客厅没开灯,电视调了静音,画面一闪一闪地映在苏云脸上。她蜷在沙发角落里,眼睛不知望着哪里,门开了她也毫无反应,裹着那条灰色毯子,上面印着卡通恐龙,起了一层毛球。
“云云,我……”周屿小心翼翼地开口。 她转过头来,看见他怀里的纸箱,愣了一下。 “你来看看,我在楼下垃圾桶旁捡到的,可能是别人丢的。”
苏云从沙发上站起来,毯子滑到地上。她走过来,低头看见试图站起来的小狗,前爪扒着纸箱边缘,后腿蹬了两下,滑倒了。它歪着头,黑亮的眼珠看着她,依然那么安静。
“它的腿……”她的声音有点哑。这是她今天说的第一句话。 “可能是天生这样。后腿没力气。”
苏云蹲下来,伸出手,指尖碰了碰小狗的头顶。它仰起头,舔了一下她的手指。 “它在发烧。”苏云用手捏了捏小狗的耳朵,又把手探到它屁股后面,小狗不情愿地躲开,“很烫。”
“明天带它去看看。今晚先让它待在家里吧。” 她转身去厨房端了只小碗出来,碗里是温水。又打开冰箱翻找了一阵,终于找到一根火腿肠,掰了一小块放在手心。小狗凑过来,几乎是抢一样地吃掉了,还没长多长的乳牙磕在她掌心上,她又掰了一块。
周屿在旁边看着。她的头发长了很多,很久没有打理过了,随便扎在脑后,发尾有些分叉。她的睡衣领口露出一截锁骨,比以前更凸,手腕上的骨头也更明显了。她的动作很轻,拇指擦掉小狗鼻尖上的水珠时,像怕碰坏什么。
电视上的画面还在无声地变幻。一个女人在哭,嘴张着,没有声音。
苏云没有说话。她把小狗从纸箱里捞出来放在腿上,小狗蜷成一团,下巴搁在她膝盖上,很快就闭眼了。她低头看着它,手指顺着它的脊背,一下一下,很熟悉的动作。周屿看着那只手,想起从前童童睡着时,她也是这样摸着孩子的背。
周屿移开目光,站起身,去厨房把水池里的碗洗了。洗洁精的味道混着冷水冲在手上,他搓了很久,久到手指发皱。水声盖住了客厅里电视机嘶嘶的电流声。

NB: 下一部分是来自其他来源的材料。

lemma coercive_matrix_left_invertible:
  fixes A :: "real^'n^'n"
  assumes coercive: "\<And>v. c * (v \<bullet> v) \<le> v \<bullet> (A *v v)" and "0 < c"
  shows "\<exists>B. B ** A = mat 1"
  unfolding matrix_left_invertible_ker
proof (intro allI impI)
  fix v assume "A *v v = 0"
  then have "v \<bullet> v \<le> 0" using coercive[of v] \<open>0 < c\<close> by (simp add: mult_le_0_iff)
  then show "v = 0" using inner_ge_zero[of v] by (simp del: inner_ge_zero)
qed

lemma mvt_inner_segment:
  fixes g :: "'a::real_normed_vector \<Rightarrow> real^'k"
  assumes der: "\<And>x. (g has_derivative D x) (at x)"
  shows "\<exists>\<tau>\<in>{0<..<1}. w \<bullet> (g b - g a) = w \<bullet> D (a + \<tau> *\<^sub>R (b - a)) (b - a)"
proof -
  define \<phi> where "\<phi> \<tau> = w \<bullet> g (a + \<tau> *\<^sub>R (b - a))" for \<tau>
  have "(\<phi> has_derivative (\<lambda>h. w \<bullet> D (a + \<tau> *\<^sub>R (b - a)) (h *\<^sub>R (b - a)))) (at \<tau> within {0..1})"
    for \<tau>
  proof -
    have segment: "((\<lambda>\<tau>. a + \<tau> *\<^sub>R (b - a)) has_derivative (\<lambda>h. h *\<^sub>R (b - a))) (at \<tau>)"
      by (auto intro!: derivative_eq_intros)
    from has_derivative_inner_right[OF diff_chain_at[OF segment der], of w]
    show ?thesis unfolding \<phi>_def o_def by (rule has_derivative_at_withinI)
  qed
  from mvt_simple[of 0 1 \<phi>, OF _ this] obtain \<tau> where "\<tau> \<in> {0<..<1}"
    "\<phi> 1 - \<phi> 0 = w \<bullet> D (a + \<tau> *\<^sub>R (b - a)) (1 *\<^sub>R (b - a))" by auto
  then show ?thesis by (auto simp: \<phi>_def inner_diff_right)
qed

context
  fixes e :: "real^'n \<Rightarrow> real^'n" and E :: "real^'n \<Rightarrow> real^'n^'n" and c :: real
  assumes e_deriv: "\<And>x. (e has_derivative (\<lambda>h. E x *v h)) (at x)"
    and coercive: "\<And>x v. c * (v \<bullet> v) \<le> v \<bullet> (E x *v v)" and c_pos: "0 < c"
begin

lemma coercive_derivative_lower_lipschitz: "c * norm (y - z) \<le> norm (e y - e z)"
proof -
  obtain \<tau> where "(y - z) \<bullet> (e y - e z) = (y - z) \<bullet> (E (z + \<tau> *\<^sub>R (y - z)) *v (y - z))"
    using mvt_inner_segment[OF e_deriv, of "y - z" y z] by blast
  then have "c * ((y - z) \<bullet> (y - z)) \<le> (y - z) \<bullet> (e y - e z)"
    using coercive by simp
  also have "\<dots> \<le> norm (y - z) * norm (e y - e z)"
    by (rule norm_cauchy_schwarz)
  finally have "c * norm (y - z) * norm (y - z) \<le> norm (y - z) * norm (e y - e z)"
    by (simp add: power2_norm_eq_inner[symmetric] power2_eq_square)
  then show ?thesis
    by (cases "norm (y - z) = 0") (auto simp: mult.commute)
qed

lemma coercive_derivative_inj: "inj e"
proof (rule injI)
  fix y z assume "e y = e z"
  then have "c * norm (y - z) \<le> 0" using coercive_derivative_lower_lipschitz[of y z] by simp
  then show "y = z" using c_pos by (simp add: mult_le_0_iff)
qed

lemma coercive_derivative_continuous: "continuous_on UNIV e"
  by (intro continuous_at_imp_continuous_on ballI has_derivative_continuous[OF e_deriv])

“睡吧。”他说。 她转过身来,客厅没开灯,他看不清楚她的表情。她走过来,在沙发另一头坐下,把那条恐龙毯子拉上来,盖到胸口。
他想起他妈妈上周打来的电话。问苏云怎么样了。他说还行。电话那头沉默了一会儿,说:你张阿姨介绍了个中医,要不要带苏云去看看?开点安神的药。他说不用了,找个借口挂了。
二
第二天早上周屿醒来的时候,苏云已经不在沙发上了。
他坐起来,听见厨房里有声音。水烧开的声音,锅铲碰锅沿的声音。他走到厨房门口,看见苏云站在灶台前,她已经换掉了睡衣,穿着一件黑T恤,头发用皮筋松松地扎起来。 餐桌上已经放着两碗粥。

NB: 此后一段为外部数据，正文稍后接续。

lemma sum_seq_weight_Suc_le:
  "(\<Sum>\<pi>\<in>seqs_ending_at (Suc k) i j. seq_weight \<beta> (Suc k) \<pi>)
     \<le> (\<Sum>(a, b, R)\<in>last_step_choices i j.
           step_weight \<beta> (a, b, R) * (\<Sum>q\<in>seqs_ending_at k a b. seq_weight \<beta> k q))"
proof -
  define S where "S = (SIGMA (a, b, R) : last_step_choices i j. seqs_ending_at k a b)"
  have finite_S: "finite S"
    unfolding S_def last_step_choices_def by (intro finite_SigmaI) (auto simp: finite_seqs_ending_at)
  have "(\<Sum>\<pi>\<in>seqs_ending_at (Suc k) i j. seq_weight \<beta> (Suc k) \<pi>)
      \<le> (\<Sum>\<pi>\<in>(\<lambda>((a, b, R), q). q @ [(i, j, R)]) ` S. seq_weight \<beta> (Suc k) \<pi>)"
    unfolding S_def
    by (intro sum_mono2 seqs_ending_at_Suc_subset finite_imageI finite_S[unfolded S_def])
      (simp add: seq_weight_nonneg)
  also have "\<dots> \<le> (\<Sum>((a, b, R), q)\<in>S. seq_weight \<beta> (Suc k) (q @ [(i, j, R)]))"
    by (rule order_trans[OF sum_image_le[OF finite_S]]) (auto simp: seq_weight_nonneg comp_def case_prod_beta)
  also have "\<dots> = (\<Sum>(a, b, R)\<in>last_step_choices i j.
      \<Sum>q\<in>seqs_ending_at k a b. seq_weight \<beta> (Suc k) (q @ [(i, j, R)]))"
    using sum.Sigma[of "last_step_choices i j" "\<lambda>(a, b, R). seqs_ending_at k a b"
        "\<lambda>(a, b, R) q. seq_weight \<beta> (Suc k) (q @ [(i, j, R)])"]
    unfolding S_def by (simp add: finite_seqs_ending_at last_step_choices_def split_def)
  also have "\<dots> = (\<Sum>(a, b, R)\<in>last_step_choices i j.
      step_weight \<beta> (a, b, R) * (\<Sum>q\<in>seqs_ending_at k a b. seq_weight \<beta> k q))"
    by (intro sum.cong refl)
      (auto simp: sum_distrib_left seq_weight_snoc seqs_ending_at_def legal_seq_def mult.commute
        intro!: sum.cong)
  finally show ?thesis .
qed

“早。”他说。 “早。”她没回头,“你看一下小狗,我刚才去看,它醒了。”
周屿走到阳台,推开推拉门。小狗正试图从纸箱里爬出来,前爪扒在纸箱边缘,后腿在箱子里蹬来蹬去,始终借不上力。它看见周屿,立刻摇尾巴,整个屁股都在晃,连带着使不上劲的后腿也在微微颤动。
他把它抱起来。它的体温还是偏高,但比昨晚好了一些。它兴奋地用舌头舔他的手指。 “它喜欢你。”苏云端着两个盘子走出来,上面放着煎蛋和烤好的面包片。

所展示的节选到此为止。